– Я Ольгу Александровну имею удовольствие знать, и не один день. Да, науками. Вплоть до господ социалистов?
Александр Касьяныч сел и налил ему рюмку мадеры.
– Хорошо еще, что молодой человек выручил, а то представьте – я, на диспуте-с!
Александр Касьяныч засмеялся своим ироническим смехом. Тонкие губы его слегка ходили.
Нервного блондина звали Нолькен; он был композитором. Чокнувшись с Ольгой Александровной, он бегло и, как Пете показалось, пренебрежительно взглянул на него.
– За здоровье господина магистранта, за жидков, за социалистов.

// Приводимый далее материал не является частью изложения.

definition cartan_decomposition ::
  "('g::euclidean_space \<Rightarrow> 'g \<Rightarrow> 'g) \<Rightarrow> 'g set \<Rightarrow> 'g set \<Rightarrow> bool" where
  "cartan_decomposition br K P \<longleftrightarrow>
     subspace K \<and> subspace P \<and> K \<inter> P = {0} \<and> (\<forall>X. \<exists>k\<in>K. \<exists>p\<in>P. X = k + p) \<and>
     (\<forall>X\<in>K. \<forall>Y\<in>K. br X Y \<in> K) \<and> (\<forall>X\<in>K. \<forall>Y\<in>P. br X Y \<in> P) \<and>
     (\<forall>X\<in>P. \<forall>Y\<in>P. br X Y \<in> K) \<and>
     (\<forall>X\<in>K. X \<noteq> 0 \<longrightarrow> killing br X X < 0) \<and>
     (\<forall>X\<in>P. X \<noteq> 0 \<longrightarrow> killing br X X > 0)"

text \<open>Lie algebra of the isometry group of a Riemannian symmetric space of noncompact type:
a semisimple Lie algebra with Cartan decomposition g = k + p where k contains no nonzero
ideal of g (effectivity; equivalently, no compact ideals).\<close>
definition noncompact_type ::
  "('g::euclidean_space \<Rightarrow> 'g \<Rightarrow> 'g) \<Rightarrow> 'g set \<Rightarrow> 'g set \<Rightarrow> bool" where
  "noncompact_type br K P \<longleftrightarrow> semisimple br \<and> cartan_decomposition br K P \<and>
     (\<forall>I. lie_ideal br I \<and> I \<subseteq> K \<longrightarrow> I = {0})"

definition maximal_abelian ::
  "('g::euclidean_space \<Rightarrow> 'g \<Rightarrow> 'g) \<Rightarrow> 'g set \<Rightarrow> 'g set \<Rightarrow> bool" where
  "maximal_abelian br P A \<longleftrightarrow> subspace A \<and> A \<subseteq> P \<and>
     (\<forall>H\<in>A. \<forall>H'\<in>A. br H H' = 0) \<and>
     (\<forall>X\<in>P. (\<forall>H\<in>A. br H X = 0) \<longrightarrow> X \<in> A)"

text \<open>Restricted root space g_mu for a functional mu (only its values on a matter).\<close>
definition root_space ::
  "('g::euclidean_space \<Rightarrow> 'g \<Rightarrow> 'g) \<Rightarrow> 'g set \<Rightarrow> ('g \<Rightarrow> real) \<Rightarrow> 'g set" where
  "root_space br A \<mu> = {X. \<forall>H\<in>A. br H X = \<mu> H *\<^sub>R X}"

definition restricted_root ::
  "('g::euclidean_space \<Rightarrow> 'g \<Rightarrow> 'g) \<Rightarrow> 'g set \<Rightarrow> ('g \<Rightarrow> real) \<Rightarrow> bool" where
  "restricted_root br A \<mu> \<longleftrightarrow> linear \<mu> \<and> (\<exists>H\<in>A. \<mu> H \<noteq> 0) \<and>
     (\<exists>X\<in>root_space br A \<mu>. X \<noteq> 0)"

end

theory Submission
  imports Defs
begin

text \<open>Let \<theta> be the Cartan involution and B_\<theta>(X,Y) = -B(X,\<theta>Y) the associated inner
  product. Suppose 0 \<noteq> X \<in> g_\<mu> but [X, g_\<nu>] = 0. Then H = [X,\<theta>X] lies in a and
  \<mu>(H) B_\<theta>(X,X) = -B_\<theta>(H,H), where H \<noteq> 0 because B(H,H') = -\<mu>(H') B_\<theta>(X,X);
  so \<mu>(H) < 0. For 0 \<noteq> Y \<in> g_\<nu> we get \<nu>(H) B_\<theta>(Y,Y) = -B_\<theta>([\<theta>X,Y],[\<theta>X,Y]) \<le> 0.
  Finally ad \<theta>X maps g_(\<mu>+\<nu>) into g_\<nu>, on which ad X vanishes, so by adjointness
  [\<theta>X, g_(\<mu>+\<nu>)] = 0; then (\<mu>+\<nu>)(H) B_\<theta>(Z,Z) = B_\<theta>([X,Z],[X,Z]) \<ge> 0 for
  0 \<noteq> Z \<in> g_(\<mu>+\<nu>), contradicting \<mu>(H) < 0 and \<nu>(H) \<le> 0.
  The other half follows by symmetry.\<close>

definition op_trace :: "('a::euclidean_space \<Rightarrow> 'a) \<Rightarrow> real" where
  "op_trace f = (\<Sum>b\<in>Basis. f b \<bullet> b)"

lemma op_trace_compose_expand:
  fixes f g :: "'a::euclidean_space \<Rightarrow> 'a"
  assumes "linear f"
  shows "op_trace (f \<circ> g) = (\<Sum>b\<in>Basis. \<Sum>c\<in>Basis. (g b \<bullet> c) * (f c \<bullet> b))"
proof -
  have "f (g b) = (\<Sum>c\<in>Basis. (g b \<bullet> c) *\<^sub>R f c)" for b
    using linear_sum[OF assms] linear_scale[OF assms]
    by (metis (no_types, lifting) euclidean_representation sum.cong)
  then show ?thesis
    by (simp add: op_trace_def inner_sum_left)
qed

lemma op_trace_compose_commute:
  fixes f g :: "'a::euclidean_space \<Rightarrow> 'a"
  assumes "linear f" "linear g"
  shows "op_trace (f \<circ> g) = op_trace (g \<circ> f)"
  unfolding op_trace_compose_expand[OF assms(1)] op_trace_compose_expand[OF assms(2)]
  by (subst sum.swap) (simp add: mult.commute)

lemma op_trace_diff: "op_trace (\<lambda>x. f x - g x) = op_trace f - op_trace g"
  by (simp add: op_trace_def inner_diff_left sum_subtractf)

locale real_lie_algebra =
  fixes br :: "'g::euclidean_space \<Rightarrow> 'g \<Rightarrow> 'g"
  assumes lie_algebra: "lie_algebra br"
begin

lemma bilinear_br: "bilinear br"
  using lie_algebra by (simp add: lie_algebra_def)

lemma linear_br: "linear (br X)"
  using bilinear_br by (simp add: bilinear_def)

lemmas br_bilinear_simps [simp] =
  bilinear_ladd[OF bilinear_br] bilinear_radd[OF bilinear_br]
  bilinear_lmul[OF bilinear_br] bilinear_rmul[OF bilinear_br]
  bilinear_lneg[OF bilinear_br] bilinear_rneg[OF bilinear_br]
  bilinear_lzero[OF bilinear_br] bilinear_rzero[OF bilinear_br]
  bilinear_lsub[OF bilinear_br] bilinear_rsub[OF bilinear_br]

lemma br_self: "br X X = 0"
  using lie_algebra by (simp add: lie_algebra_def)

lemma br_jacobi: "br X (br Y Z) + br Y (br Z X) + br Z (br X Y) = 0"
  using lie_algebra by (simp add: lie_algebra_def)

lemma br_antisym: "br X Y = - br Y X"
proof -
  have "br X Y + br Y X = br (X + Y) (X + Y) - br X X - br Y Y" by simp
  also have "\<dots> = 0" by (simp only: br_self diff_zero)
  finally show ?thesis by (simp add: eq_neg_iff_add_eq_0)
qed

lemma br_br_left: "br (br X Y) Z = br X (br Y Z) - br Y (br X Z)"
proof -
  have "br (br X Y) Z = - br Z (br X Y)" by (rule br_antisym)
  also have "br Z (br X Y) = - (br X (br Y Z) + br Y (br Z X))"
    using br_jacobi[of Z X Y] by (simp add: add.assoc add_eq_0_iff2)
  also have "br Z X = - br X Z" by (rule br_antisym)
  finally show ?thesis by simp
qed

lemma br_derivation: "br X (br Y Z) = br (br X Y) Z + br Y (br X Z)"
  by (simp add: br_br_left)

lemma killing_eq_op_trace: "killing br X Y = op_trace (br X \<circ> br Y)"
  by (simp add: killing_def op_trace_def)

lemma bilinear_killing: "bilinear (killing br)"
  unfolding bilinear_def killing_def
  by (auto intro!: linearI simp: inner_add_left sum.distrib sum_distrib_left)

lemmas killing_bilinear_simps [simp] =
  bilinear_ladd[OF bilinear_killing] bilinear_radd[OF bilinear_killing]
  bilinear_lmul[OF bilinear_killing] bilinear_rmul[OF bilinear_killing]
  bilinear_lneg[OF bilinear_killing] bilinear_rneg[OF bilinear_killing]
  bilinear_lzero[OF bilinear_killing] bilinear_rzero[OF bilinear_killing]
  bilinear_lsub[OF bilinear_killing] bilinear_rsub[OF bilinear_killing]

lemma killing_sym: "killing br X Y = killing br Y X"
  unfolding killing_eq_op_trace by (rule op_trace_compose_commute[OF linear_br linear_br])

Другой гость, с лицом нововременца и с перстнями, протянул свой стакан. Ольга Александровна молча ела суп со спаржей. Электричество блестело в рюмках, в хрустале, суп отливал золотистым, но плохо шел в Петино горло. Как часто с ним бывало, он вдруг почувствовал прилив крайней раздражительности, хотя ни социалисты, ни евреи его не интересовали. Верно, в глазах его нечто отразилось: Ольга Александровна подняла на него спокойный взор, будто говоривший: «сдержанность».
Разговор быстро перешел на политику, Финляндию, окраины; Нолькен горячился, настаивал на крутых мерах. Его непрестанно подзуживало что-то. Александр Касьяныч оживился, но ни в чем не соглашался с гостями. Трудно было понять, какого он сам направления, но он нападал на всех и всех высмеивал: и министров, и правых, и левых. Казалось, его извилистому мозгу доставлял удовольствие самый спор, процесс унижения мнений, считающихся общепризнанными.
– Это все пустяки, пустяки-с, все эти национальные направления, политика кулака. Это глупости, я вам доложу, на этом далеко не уедешь. Культура есть культура, как же мы ее насадим, если сами мы мужланы, дикари?
Но если бы при нем заговорили о голоде, обязанностях правительства перед народом, он так же посвистел бы и обругал бы газетчиков, раздувающих пустяки.
Пете казалось, глядя на него, что он какого-то абстрактного, юстиниановского направления.
О студентах, из-за Пети, говорили с осторожностью, но чувствовалась нелюбовь к этим людям, особенно у но-вовременца. Между прочим, он сообщил, что скоро в высших заведениях начнутся беспорядки.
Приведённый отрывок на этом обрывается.